Data in this exercise START

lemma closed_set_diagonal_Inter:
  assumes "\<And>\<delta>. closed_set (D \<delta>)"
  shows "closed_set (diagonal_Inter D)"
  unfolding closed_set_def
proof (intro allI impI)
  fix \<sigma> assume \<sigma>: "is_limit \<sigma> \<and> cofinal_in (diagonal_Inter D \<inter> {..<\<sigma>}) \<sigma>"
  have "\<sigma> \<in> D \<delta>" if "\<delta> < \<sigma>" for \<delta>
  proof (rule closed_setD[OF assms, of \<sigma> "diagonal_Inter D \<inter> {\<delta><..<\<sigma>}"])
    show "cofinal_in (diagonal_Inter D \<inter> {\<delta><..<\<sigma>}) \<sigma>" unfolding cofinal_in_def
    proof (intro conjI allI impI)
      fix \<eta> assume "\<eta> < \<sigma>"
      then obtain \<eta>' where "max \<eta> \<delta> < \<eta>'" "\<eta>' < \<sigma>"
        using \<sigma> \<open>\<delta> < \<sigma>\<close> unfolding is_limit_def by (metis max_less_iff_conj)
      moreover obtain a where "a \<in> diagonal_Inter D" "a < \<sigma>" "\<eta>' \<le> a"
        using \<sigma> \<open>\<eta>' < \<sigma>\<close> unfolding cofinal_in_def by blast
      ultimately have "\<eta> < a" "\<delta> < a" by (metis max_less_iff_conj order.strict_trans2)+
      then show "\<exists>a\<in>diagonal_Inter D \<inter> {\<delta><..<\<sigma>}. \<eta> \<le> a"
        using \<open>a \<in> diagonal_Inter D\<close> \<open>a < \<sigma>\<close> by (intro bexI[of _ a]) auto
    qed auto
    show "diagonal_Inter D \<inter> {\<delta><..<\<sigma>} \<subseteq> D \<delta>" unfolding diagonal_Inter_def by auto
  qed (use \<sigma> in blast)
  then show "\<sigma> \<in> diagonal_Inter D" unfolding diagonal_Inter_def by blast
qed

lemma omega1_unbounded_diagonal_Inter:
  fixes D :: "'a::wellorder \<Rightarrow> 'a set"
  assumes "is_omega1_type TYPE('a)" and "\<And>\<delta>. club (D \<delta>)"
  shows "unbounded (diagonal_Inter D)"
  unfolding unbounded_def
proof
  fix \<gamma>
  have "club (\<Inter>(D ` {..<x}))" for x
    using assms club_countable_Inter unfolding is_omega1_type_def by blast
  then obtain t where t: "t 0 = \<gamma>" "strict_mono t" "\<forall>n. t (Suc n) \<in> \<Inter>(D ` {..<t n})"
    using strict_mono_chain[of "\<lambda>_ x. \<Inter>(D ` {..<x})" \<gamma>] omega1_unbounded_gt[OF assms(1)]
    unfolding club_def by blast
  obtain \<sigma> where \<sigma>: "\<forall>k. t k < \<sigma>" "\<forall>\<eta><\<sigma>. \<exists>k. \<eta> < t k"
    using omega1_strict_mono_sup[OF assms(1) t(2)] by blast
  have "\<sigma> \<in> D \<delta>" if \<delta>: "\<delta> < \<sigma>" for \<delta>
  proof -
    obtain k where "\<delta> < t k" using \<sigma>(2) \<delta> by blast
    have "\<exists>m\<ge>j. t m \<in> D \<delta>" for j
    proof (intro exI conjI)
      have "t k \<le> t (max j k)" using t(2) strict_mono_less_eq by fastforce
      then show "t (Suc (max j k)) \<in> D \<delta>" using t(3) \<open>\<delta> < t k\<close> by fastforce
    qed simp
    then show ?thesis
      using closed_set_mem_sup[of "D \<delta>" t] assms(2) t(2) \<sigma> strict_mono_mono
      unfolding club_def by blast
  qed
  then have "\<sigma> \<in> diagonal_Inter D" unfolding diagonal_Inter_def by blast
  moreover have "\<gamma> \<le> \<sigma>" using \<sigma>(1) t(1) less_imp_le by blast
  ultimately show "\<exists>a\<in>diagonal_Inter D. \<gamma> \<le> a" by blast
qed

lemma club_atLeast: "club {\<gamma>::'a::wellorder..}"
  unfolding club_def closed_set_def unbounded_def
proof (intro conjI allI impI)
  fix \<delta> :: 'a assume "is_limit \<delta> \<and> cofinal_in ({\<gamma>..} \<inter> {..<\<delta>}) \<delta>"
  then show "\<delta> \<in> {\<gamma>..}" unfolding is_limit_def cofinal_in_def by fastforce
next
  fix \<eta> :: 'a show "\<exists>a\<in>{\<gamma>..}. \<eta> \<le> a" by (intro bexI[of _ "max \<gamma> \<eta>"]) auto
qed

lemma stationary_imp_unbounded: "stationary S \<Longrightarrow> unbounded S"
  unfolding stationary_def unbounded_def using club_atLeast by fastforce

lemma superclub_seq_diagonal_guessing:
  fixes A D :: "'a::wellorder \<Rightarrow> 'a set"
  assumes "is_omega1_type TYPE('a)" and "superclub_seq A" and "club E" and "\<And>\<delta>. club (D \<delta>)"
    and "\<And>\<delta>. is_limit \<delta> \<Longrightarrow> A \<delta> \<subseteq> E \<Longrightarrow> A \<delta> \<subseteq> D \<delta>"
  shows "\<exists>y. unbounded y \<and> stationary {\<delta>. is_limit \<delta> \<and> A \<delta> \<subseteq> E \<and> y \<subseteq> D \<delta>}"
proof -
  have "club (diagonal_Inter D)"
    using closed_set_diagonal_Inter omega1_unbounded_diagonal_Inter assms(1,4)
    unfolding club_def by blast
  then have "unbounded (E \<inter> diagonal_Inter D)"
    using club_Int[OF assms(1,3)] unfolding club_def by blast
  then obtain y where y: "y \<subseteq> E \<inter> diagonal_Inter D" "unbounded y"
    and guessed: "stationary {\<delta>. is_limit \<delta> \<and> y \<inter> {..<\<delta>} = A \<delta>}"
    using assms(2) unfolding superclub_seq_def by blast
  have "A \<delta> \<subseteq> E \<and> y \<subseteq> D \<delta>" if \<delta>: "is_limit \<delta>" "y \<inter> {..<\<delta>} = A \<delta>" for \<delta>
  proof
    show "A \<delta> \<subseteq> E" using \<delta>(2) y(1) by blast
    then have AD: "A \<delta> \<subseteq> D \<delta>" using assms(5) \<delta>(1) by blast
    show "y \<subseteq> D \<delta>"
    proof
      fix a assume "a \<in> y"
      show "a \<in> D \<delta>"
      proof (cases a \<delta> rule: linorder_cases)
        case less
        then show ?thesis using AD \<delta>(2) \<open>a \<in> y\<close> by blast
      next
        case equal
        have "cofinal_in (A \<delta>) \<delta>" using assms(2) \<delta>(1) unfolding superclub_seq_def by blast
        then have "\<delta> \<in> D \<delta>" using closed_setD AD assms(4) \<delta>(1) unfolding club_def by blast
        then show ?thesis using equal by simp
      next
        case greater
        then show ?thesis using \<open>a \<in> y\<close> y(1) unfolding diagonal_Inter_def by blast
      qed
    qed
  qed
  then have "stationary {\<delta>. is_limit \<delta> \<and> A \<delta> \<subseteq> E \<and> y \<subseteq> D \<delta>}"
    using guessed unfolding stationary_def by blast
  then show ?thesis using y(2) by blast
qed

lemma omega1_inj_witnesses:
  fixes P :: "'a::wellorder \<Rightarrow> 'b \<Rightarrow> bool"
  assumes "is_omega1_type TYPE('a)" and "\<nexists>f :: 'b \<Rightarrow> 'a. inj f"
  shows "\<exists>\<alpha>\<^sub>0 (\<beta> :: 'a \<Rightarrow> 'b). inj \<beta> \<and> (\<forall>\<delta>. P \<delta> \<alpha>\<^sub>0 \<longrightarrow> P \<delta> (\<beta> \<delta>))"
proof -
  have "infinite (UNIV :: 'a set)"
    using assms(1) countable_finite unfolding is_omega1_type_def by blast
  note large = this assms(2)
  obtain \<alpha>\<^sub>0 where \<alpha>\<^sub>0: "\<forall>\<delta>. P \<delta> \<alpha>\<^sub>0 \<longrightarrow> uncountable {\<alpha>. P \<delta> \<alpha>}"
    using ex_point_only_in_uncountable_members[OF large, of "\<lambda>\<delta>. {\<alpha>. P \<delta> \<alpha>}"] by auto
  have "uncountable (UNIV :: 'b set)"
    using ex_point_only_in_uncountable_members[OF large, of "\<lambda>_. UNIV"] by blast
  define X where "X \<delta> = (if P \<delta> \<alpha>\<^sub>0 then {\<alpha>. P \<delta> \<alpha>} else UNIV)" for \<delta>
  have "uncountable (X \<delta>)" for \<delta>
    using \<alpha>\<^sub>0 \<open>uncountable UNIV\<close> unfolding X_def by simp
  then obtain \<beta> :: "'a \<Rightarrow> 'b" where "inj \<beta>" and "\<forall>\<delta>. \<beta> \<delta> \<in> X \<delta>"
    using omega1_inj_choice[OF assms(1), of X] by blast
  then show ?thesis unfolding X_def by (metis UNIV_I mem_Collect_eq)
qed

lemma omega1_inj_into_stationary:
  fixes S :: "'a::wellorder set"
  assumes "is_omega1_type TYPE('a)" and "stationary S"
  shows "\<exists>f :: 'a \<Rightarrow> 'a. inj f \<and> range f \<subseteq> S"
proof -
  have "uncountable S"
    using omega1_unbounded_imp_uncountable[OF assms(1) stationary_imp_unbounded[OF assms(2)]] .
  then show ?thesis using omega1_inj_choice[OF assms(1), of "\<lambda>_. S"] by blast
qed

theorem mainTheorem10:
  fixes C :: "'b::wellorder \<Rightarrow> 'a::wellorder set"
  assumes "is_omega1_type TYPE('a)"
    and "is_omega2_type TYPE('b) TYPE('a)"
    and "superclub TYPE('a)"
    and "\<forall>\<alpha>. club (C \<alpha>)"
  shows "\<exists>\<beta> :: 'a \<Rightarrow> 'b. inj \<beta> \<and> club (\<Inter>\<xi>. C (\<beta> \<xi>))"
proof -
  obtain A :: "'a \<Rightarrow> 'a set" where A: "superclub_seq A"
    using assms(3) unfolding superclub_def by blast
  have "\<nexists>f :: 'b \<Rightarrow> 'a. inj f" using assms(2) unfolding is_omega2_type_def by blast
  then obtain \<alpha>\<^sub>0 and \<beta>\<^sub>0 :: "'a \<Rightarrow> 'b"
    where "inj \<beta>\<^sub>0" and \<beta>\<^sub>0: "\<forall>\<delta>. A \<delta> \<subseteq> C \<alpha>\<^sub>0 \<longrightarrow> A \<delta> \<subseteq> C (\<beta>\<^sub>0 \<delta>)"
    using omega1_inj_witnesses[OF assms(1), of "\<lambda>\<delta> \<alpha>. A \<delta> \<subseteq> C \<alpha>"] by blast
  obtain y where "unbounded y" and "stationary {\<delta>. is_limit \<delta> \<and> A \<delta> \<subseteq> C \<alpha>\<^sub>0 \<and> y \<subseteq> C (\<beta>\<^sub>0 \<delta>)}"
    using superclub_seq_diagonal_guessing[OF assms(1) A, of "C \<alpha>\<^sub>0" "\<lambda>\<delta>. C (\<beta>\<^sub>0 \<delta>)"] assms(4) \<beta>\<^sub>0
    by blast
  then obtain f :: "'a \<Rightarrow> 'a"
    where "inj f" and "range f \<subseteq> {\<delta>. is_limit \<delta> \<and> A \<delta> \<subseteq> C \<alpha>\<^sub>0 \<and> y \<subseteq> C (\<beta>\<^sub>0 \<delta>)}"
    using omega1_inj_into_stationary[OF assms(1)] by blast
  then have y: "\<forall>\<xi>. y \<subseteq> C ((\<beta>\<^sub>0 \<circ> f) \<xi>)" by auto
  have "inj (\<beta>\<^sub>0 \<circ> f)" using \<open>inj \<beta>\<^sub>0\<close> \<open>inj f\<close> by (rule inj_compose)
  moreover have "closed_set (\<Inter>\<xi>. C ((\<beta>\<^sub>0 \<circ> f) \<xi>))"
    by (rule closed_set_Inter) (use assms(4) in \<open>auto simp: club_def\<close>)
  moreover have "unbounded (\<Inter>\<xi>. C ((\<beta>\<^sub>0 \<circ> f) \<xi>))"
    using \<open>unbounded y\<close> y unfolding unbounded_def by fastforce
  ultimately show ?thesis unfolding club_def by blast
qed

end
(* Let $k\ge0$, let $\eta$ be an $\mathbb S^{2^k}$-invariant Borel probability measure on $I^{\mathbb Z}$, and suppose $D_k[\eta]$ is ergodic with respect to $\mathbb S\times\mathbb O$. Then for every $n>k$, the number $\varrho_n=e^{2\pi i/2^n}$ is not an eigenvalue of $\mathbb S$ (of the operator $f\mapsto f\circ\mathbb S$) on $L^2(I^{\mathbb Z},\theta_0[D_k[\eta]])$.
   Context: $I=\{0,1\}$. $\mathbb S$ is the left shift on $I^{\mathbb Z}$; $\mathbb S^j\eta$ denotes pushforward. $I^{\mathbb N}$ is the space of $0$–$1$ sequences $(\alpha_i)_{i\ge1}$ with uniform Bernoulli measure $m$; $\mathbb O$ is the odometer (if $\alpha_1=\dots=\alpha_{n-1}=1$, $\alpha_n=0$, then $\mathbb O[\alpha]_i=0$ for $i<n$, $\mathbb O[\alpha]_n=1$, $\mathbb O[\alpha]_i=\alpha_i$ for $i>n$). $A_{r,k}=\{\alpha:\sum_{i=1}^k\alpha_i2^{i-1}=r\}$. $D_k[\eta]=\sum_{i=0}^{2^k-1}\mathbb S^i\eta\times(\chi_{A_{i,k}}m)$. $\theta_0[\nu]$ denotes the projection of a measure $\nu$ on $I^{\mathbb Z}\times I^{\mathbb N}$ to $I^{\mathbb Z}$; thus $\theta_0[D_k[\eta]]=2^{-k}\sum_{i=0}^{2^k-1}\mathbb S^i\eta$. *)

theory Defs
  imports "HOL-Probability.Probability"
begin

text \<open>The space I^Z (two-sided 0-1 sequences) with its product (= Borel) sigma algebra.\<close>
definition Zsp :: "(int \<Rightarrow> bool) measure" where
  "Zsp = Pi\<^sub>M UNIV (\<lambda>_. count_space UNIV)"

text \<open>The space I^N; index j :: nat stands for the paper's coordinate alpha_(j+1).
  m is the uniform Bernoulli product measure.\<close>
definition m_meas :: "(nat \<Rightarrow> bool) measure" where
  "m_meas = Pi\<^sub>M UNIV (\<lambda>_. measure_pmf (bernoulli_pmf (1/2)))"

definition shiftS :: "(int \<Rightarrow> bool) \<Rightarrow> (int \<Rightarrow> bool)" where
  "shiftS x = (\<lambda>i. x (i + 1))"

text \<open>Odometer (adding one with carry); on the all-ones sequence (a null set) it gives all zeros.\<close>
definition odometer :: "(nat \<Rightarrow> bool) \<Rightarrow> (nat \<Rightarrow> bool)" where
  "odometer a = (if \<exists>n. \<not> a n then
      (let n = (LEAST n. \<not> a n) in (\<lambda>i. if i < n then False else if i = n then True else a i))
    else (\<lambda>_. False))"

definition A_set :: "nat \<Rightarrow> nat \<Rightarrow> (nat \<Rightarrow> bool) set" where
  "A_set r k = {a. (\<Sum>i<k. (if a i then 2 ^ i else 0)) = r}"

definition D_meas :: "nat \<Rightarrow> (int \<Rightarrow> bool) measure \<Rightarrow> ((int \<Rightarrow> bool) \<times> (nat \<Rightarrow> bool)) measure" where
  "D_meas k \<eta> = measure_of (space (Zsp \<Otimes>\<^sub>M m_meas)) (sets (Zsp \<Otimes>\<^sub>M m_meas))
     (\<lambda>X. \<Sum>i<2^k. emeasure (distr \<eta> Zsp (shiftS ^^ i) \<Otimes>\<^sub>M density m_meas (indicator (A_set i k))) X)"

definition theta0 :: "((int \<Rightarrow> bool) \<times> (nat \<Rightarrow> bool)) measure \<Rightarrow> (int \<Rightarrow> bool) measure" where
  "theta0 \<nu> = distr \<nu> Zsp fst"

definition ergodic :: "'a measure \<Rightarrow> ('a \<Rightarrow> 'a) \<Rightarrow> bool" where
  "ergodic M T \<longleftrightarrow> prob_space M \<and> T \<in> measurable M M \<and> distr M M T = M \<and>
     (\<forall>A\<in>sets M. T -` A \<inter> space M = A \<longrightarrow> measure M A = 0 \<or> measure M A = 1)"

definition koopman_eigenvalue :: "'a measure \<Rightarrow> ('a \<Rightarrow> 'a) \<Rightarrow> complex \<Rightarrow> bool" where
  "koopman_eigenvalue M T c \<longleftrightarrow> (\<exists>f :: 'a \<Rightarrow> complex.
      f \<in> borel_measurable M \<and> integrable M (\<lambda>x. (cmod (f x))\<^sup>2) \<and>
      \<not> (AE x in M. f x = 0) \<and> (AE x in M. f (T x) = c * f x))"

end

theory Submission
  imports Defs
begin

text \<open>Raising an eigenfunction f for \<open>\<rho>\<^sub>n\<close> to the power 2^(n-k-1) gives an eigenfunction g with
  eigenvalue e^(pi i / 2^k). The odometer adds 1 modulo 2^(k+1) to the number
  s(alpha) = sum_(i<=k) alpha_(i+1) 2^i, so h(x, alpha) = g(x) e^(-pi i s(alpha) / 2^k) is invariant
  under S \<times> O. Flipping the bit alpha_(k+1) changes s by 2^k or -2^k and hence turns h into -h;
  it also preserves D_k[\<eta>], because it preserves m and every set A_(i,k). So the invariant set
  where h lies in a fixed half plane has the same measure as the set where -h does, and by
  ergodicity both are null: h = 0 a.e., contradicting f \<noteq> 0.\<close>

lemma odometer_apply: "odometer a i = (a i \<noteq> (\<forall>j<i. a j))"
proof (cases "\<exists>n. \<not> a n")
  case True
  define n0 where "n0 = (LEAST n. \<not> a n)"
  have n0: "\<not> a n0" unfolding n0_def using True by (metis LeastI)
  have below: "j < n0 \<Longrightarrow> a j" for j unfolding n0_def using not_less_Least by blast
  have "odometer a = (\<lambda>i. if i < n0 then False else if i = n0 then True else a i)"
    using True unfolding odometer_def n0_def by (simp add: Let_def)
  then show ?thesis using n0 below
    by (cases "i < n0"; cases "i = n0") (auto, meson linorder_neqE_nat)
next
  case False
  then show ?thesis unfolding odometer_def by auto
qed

Data in this exercise END

Task statement:
Gather up every line from the listing above in which the word "fixes" occurs.

Completed exercise:
  fixes D :: "'a::wellorder \<Rightarrow> 'a set"
  fixes A D :: "'a::wellorder \<Rightarrow> 'a set"
  fixes P :: "'a::wellorder \<Rightarrow> 'b \<Rightarrow> bool"
  fixes S :: "'a::wellorder set"
  fixes C :: "'b::wellorder \<Rightarrow> 'a::wellorder set"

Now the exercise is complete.